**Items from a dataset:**
________________

lemma (in product_sigma_finite) emeasure_PiM_le_fibrewise:
  assumes K: "finite K" "p \<in> K"
    and E: "E \<in> sets (PiM K M)" and H: "H \<in> sets (PiM K M)"
    and fibre_le: "\<And>x. x \<in> space (PiM (K - {p}) M) \<Longrightarrow>
      (\<integral>\<^sup>+ y. indicator E (x(p := y)) \<partial>M p) \<le> c * (\<integral>\<^sup>+ y. indicator H (x(p := y)) \<partial>M p)"
  shows "emeasure (PiM K M) E \<le> c * emeasure (PiM K M) H"
proof -
  have K': "finite (K - {p})" "p \<notin> K - {p}" and K_eq: "insert p (K - {p}) = K"
    using K by auto
  note [measurable] = H measurable_add_dim[of p "K - {p}" M, unfolded split_beta' K_eq]
  have fibres: "emeasure (PiM K M) X
      = (\<integral>\<^sup>+ x. (\<integral>\<^sup>+ y. indicator X (x(p := y)) \<partial>M p) \<partial>PiM (K - {p}) M)"
    if "X \<in> sets (PiM K M)" for X
    using product_nn_integral_insert[OF K', of "indicator X"] that
    by (simp add: insert_absorb[OF K(2)] borel_measurable_indicator)
  have "emeasure (PiM K M) E \<le> (\<integral>\<^sup>+ x. c * (\<integral>\<^sup>+ y. indicator H (x(p := y)) \<partial>M p) \<partial>PiM (K - {p}) M)"
    unfolding fibres[OF E] by (intro nn_integral_mono fibre_le)
  also have "\<dots> = c * emeasure (PiM K M) H"
    unfolding fibres[OF H] by (intro nn_integral_cmult borel_measurable_nn_integral) measurable
  finally show ?thesis .
qed
(* Let $\Bbbk$ be a field of characteristic zero, $\lambda\in\Bbbk^*$, and $s_\lambda=t+\lambda t^{-1}$. Then $$\mathcal O(\lambda)=L(s_\lambda)=\Bbbk[t+\lambda t^{-1}](t^2-\lambda)\partial=\Bbbk[s_\lambda](s_\lambda^2-4\lambda)\partial_{s_\lambda}\cong(t^2-4\lambda)\Bbbk[t]\partial,$$ where the isomorphism is induced by the change of variables $s_\lambda\mapsto t$. Consequently $\mathcal O(\lambda)$ has a basis $\{u^{(\lambda)}_n\mid n\ge1\}$, where $u^{(\lambda)}_n=-s_\lambda^{n-1}(s_\lambda^2-4\lambda)\partial_{s_\lambda}=-(t+\lambda t^{-1})^{n-1}(t^2-\lambda)\partial$, and $[u^{(\lambda)}_n,u^{(\lambda)}_m]=(n-m)(u^{(\lambda)}_{n+m}-4\lambda u^{(\lambda)}_{n+m-2})$ for all $n,m\ge1$.
   Context: $\mathcal W=\Bbbk[t,t^{-1}]\partial$ with $\partial=d/dt$ is the Witt algebra, $L_n=-t^{n+1}\partial$, $[f\partial,g\partial]=(fg'-f'g)\partial$. For $\lambda\in\Bbbk^*$, $\mathcal O^{(\lambda)}_n=L_n-\lambda^nL_{-n}$ and $\mathcal O(\lambda)=\mathrm{span}\{\mathcal O^{(\lambda)}_n\mid n\ge1\}\subseteq\mathcal W$. For $s\in\Bbbk[t,t^{-1}]$ nonconstant, $\partial_s=\frac{1}{s'}\partial\in\mathrm{Der}(\Bbbk(t))$ (so $\partial_s(s)=1$), $\mathrm{Der}(\Bbbk[s])=\Bbbk[s]\partial_s$, and $L(s)=\mathcal W\cap\mathrm{Der}(\Bbbk[s])$, the intersection taken in $\mathrm{Der}(\Bbbk(t))$. $\Bbbk[t]\partial$ is the one-sided Witt algebra $\mathrm{Der}(\Bbbk[t])$. *)

theory Defs
  imports "HOL-Computational_Algebra.Formal_Laurent_Series"
begin

text \<open>A derivation g d/dt of k(t) is represented by its coefficient g,
an element of the field of formal Laurent series k((t)) (which contains k(t)).
The Witt algebra W = k[t,t^-1] d/dt is the set of Laurent series with finite support.\<close>

definition laurent_poly :: "'a::field_char_0 fls \<Rightarrow> bool" where
  "laurent_poly f \<longleftrightarrow> finite {n. fls_nth f n \<noteq> 0}"

definition Witt :: "'a::field_char_0 fls set" where
  "Witt = {f. laurent_poly f}"

definition lie :: "'a::field_char_0 fls \<Rightarrow> 'a fls \<Rightarrow> 'a fls" where
  "lie f g = f * fls_deriv g - fls_deriv f * g"

definition peval :: "'a::field_char_0 poly \<Rightarrow> 'a fls \<Rightarrow> 'a fls" where
  "peval p s = poly (map_poly fls_const p) s"

definition poly_fls :: "'a::field_char_0 poly \<Rightarrow> 'a fls" where
  "poly_fls p = fps_to_fls (fps_of_poly p)"

text \<open>Coefficient of the derivation d_s = (1/s') d/dt.\<close>
definition dcoef :: "'a::field_char_0 fls \<Rightarrow> 'a fls" where
  "dcoef s = 1 / fls_deriv s"

text \<open>Der(k[s]) = k[s] d_s, viewed inside Der(k(t)).\<close>
definition Der_poly :: "'a::field_char_0 fls \<Rightarrow> 'a fls set" where
  "Der_poly s = {peval p s * dcoef s | p. True}"

definition Lsub :: "'a::field_char_0 fls \<Rightarrow> 'a fls set" where
  "Lsub s = Witt \<inter> Der_poly s"

definition Lw :: "int \<Rightarrow> 'a::field_char_0 fls" where
  "Lw n = - fls_X_intpow (n + 1)"

definition Ogen :: "'a::field_char_0 \<Rightarrow> nat \<Rightarrow> 'a fls" where
  "Ogen lam n = Lw (int n) - fls_const (lam ^ n) * Lw (- int n)"

definition kspan :: "(nat \<Rightarrow> 'a::field_char_0 fls) \<Rightarrow> 'a fls set" where
  "kspan v = {\<Sum>n\<in>S. fls_const (c n) * v n | S c. finite S \<and> 0 \<notin> S}"

definition kindep :: "(nat \<Rightarrow> 'a::field_char_0 fls) \<Rightarrow> bool" where
  "kindep v \<longleftrightarrow> (\<forall>S c. finite S \<and> 0 \<notin> S \<and> (\<Sum>n\<in>S. fls_const (c n) * v n) = 0
                      \<longrightarrow> (\<forall>n\<in>S. c n = 0))"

________________

**WHAT THE TASK REQUIRES:** Wherever a line in the records contains the word "have", copy that line.

**TASK RESULT:**
  have K': "finite (K - {p})" "p \<notin> K - {p}" and K_eq: "insert p (K - {p}) = K"
  have fibres: "emeasure (PiM K M) X
  have "emeasure (PiM K M) E \<le> (\<integral>\<^sup>+ x. c * (\<integral>\<^sup>+ y. indicator H (x(p := y)) \<partial>M p) \<partial>PiM (K - {p}) M)"
  also have "\<dots> = c * emeasure (PiM K M) H"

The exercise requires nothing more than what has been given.